One catch is sharp enough to drive the next section. With heterogeneous rates, wealth flees to the slowest-decaying zone and pools there: a haven. Local monetary sovereignty and global dispersion are in genuine tension, and the resolution is a floor: zones choose their own δ_z above a network-wide δ_min.

Zones, merging, and the floor

The live frontier of the design; a proposed resolution, not a settled one.

Where do zones come from? Not from a committee. Chapter 2's coupling surplus κ accumulates wherever agents trade, witness, and vouch densely; pool where κ is high, trade at a rate where it is low, and the zone boundary sits where κ drops — which is the same place an exchange rate becomes worth its upkeep. ⚠️ The measurement subtlety is the design's central open problem: κ is read from the same correlation structure that chapter 5 reads for Sybil detection, with opposite sign — the immune system discounts correlation, the money layer rewards it. Separating cooperators from puppets is one estimation problem wearing two hats.
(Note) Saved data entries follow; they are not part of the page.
(* Let $i \geq 1$ be an integer and for $k \in \{1, 2, \dots, 3^i\}$ let $P^k_{C_i} = \left(\frac{k-1}{3^i}, \frac{k}{3^i}\right)$. If $m, n, s \in \{1, \dots, 3^i\}$ satisfy $s = \frac{1}{2}(m+n)$, then $P^s_{C_i} \subset M_{P^m_{C_i} \cup P^n_{C_i}}$.
   Context: For a set $A \subset \mathbb{R}$, the midpoint set of $A$ is $M_A := \left\{\frac{x+y}{2} : x, y \in A,\ x \neq y\right\}$. *)

theory Defs
  imports Complex_Main
begin

definition midpoint_set :: "real set \<Rightarrow> real set" where
  "midpoint_set A = {(x + y) / 2 | x y. x \<in> A \<and> y \<in> A \<and> x \<noteq> y}"

definition P_C :: "nat \<Rightarrow> nat \<Rightarrow> real set" where
  "P_C i k = {(real k - 1) / 3 ^ i <..< real k / 3 ^ i}"

end

theory Submission
  imports Defs
begin

text \<open>The three intervals are translates of one another, so a point \<open>z\<close> of \<open>P\<^sup>s\<close> is the
  midpoint of its translates into \<open>P\<^sup>m\<close> and \<open>P\<^sup>n\<close>. These coincide when \<open>m = n\<close>; then
  \<open>z\<close> is instead the midpoint of two nearby points of the open interval \<open>P\<^sup>s\<close>.\<close>

lemma open_subset_midpoint_set:
  assumes "open A"
  shows "A \<subseteq> midpoint_set A"
proof
  fix z assume "z \<in> A"
  then obtain e :: real where e: "e > 0" and ball: "\<And>y. dist y z < e \<Longrightarrow> y \<in> A"
    using assms by (auto simp: open_dist)
  have "z - e / 2 \<in> A" "z + e / 2 \<in> A"
    using e by (auto intro!: ball simp: dist_real_def)
  moreover have "z = ((z - e / 2) + (z + e / 2)) / 2" "z - e / 2 \<noteq> z + e / 2"
    using e by auto
  ultimately show "z \<in> midpoint_set A"
    unfolding midpoint_set_def by blast
qed

lemma midpoint_translate_subset_midpoint_set:
  fixes a b u v :: real
  shows "{(a + b) / 2 + u <..< (a + b) / 2 + v}
           \<subseteq> midpoint_set ({a + u <..< a + v} \<union> {b + u <..< b + v})"
proof (cases "a = b")
  case True
  then show ?thesis
    using open_subset_midpoint_set[of "{a + u <..< a + v}"] by simp
next
  case False
  show ?thesis
  proof
    fix z assume z: "z \<in> {(a + b) / 2 + u <..< (a + b) / 2 + v}"
    define w where "w = z - (a + b) / 2"
    have "a + w \<in> {a + u <..< a + v}" "b + w \<in> {b + u <..< b + v}"
      using z by (auto simp: w_def)
    moreover have "z = ((a + w) + (b + w)) / 2" "a + w \<noteq> b + w"
      using False by (auto simp: w_def field_simps)
    ultimately show "z \<in> midpoint_set ({a + u <..< a + v} \<union> {b + u <..< b + v})"
      unfolding midpoint_set_def by blast
  qed
qed

lemma P_C_eq_translate: "P_C i k = {real k / 3 ^ i + - (1 / 3 ^ i) <..< real k / 3 ^ i + 0}"
  by (simp add: P_C_def diff_divide_distrib)

theorem lemma2p4:
  fixes i m n s :: nat
  assumes "i \<ge> 1"
    and "m \<in> {1..3 ^ i}" and "n \<in> {1..3 ^ i}" and "s \<in> {1..3 ^ i}"
    and "real s = (real m + real n) / 2"
  shows "P_C i s \<subseteq> midpoint_set (P_C i m \<union> P_C i n)"
proof -
  have "real s / 3 ^ i = (real m / 3 ^ i + real n / 3 ^ i) / 2"
    using assms(5) by (simp add: add_divide_distrib)
  then show ?thesis
    unfolding P_C_eq_translate
    using midpoint_translate_subset_midpoint_set[of "real m / 3 ^ i" "real n / 3 ^ i"]
    by presburger
qed

end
Why do networks merge? They don't decide to. Under pool-equity money, every trade leaves you holding counterparties' shares, and cross-holdings make your welfare depend on their survival: fitness alignment, implemented by the cap table rather than by exhortation. Trade is merging in slow motion: as cross-holdings deepen, shared quorums and a shared floor start paying for themselves, and χ drifts toward 1. The merge is the limit of entanglement; de-merging is symmetric. (The coupling note gives the surplus condition G − C > 0 and the optimal-coalition-size consequence.)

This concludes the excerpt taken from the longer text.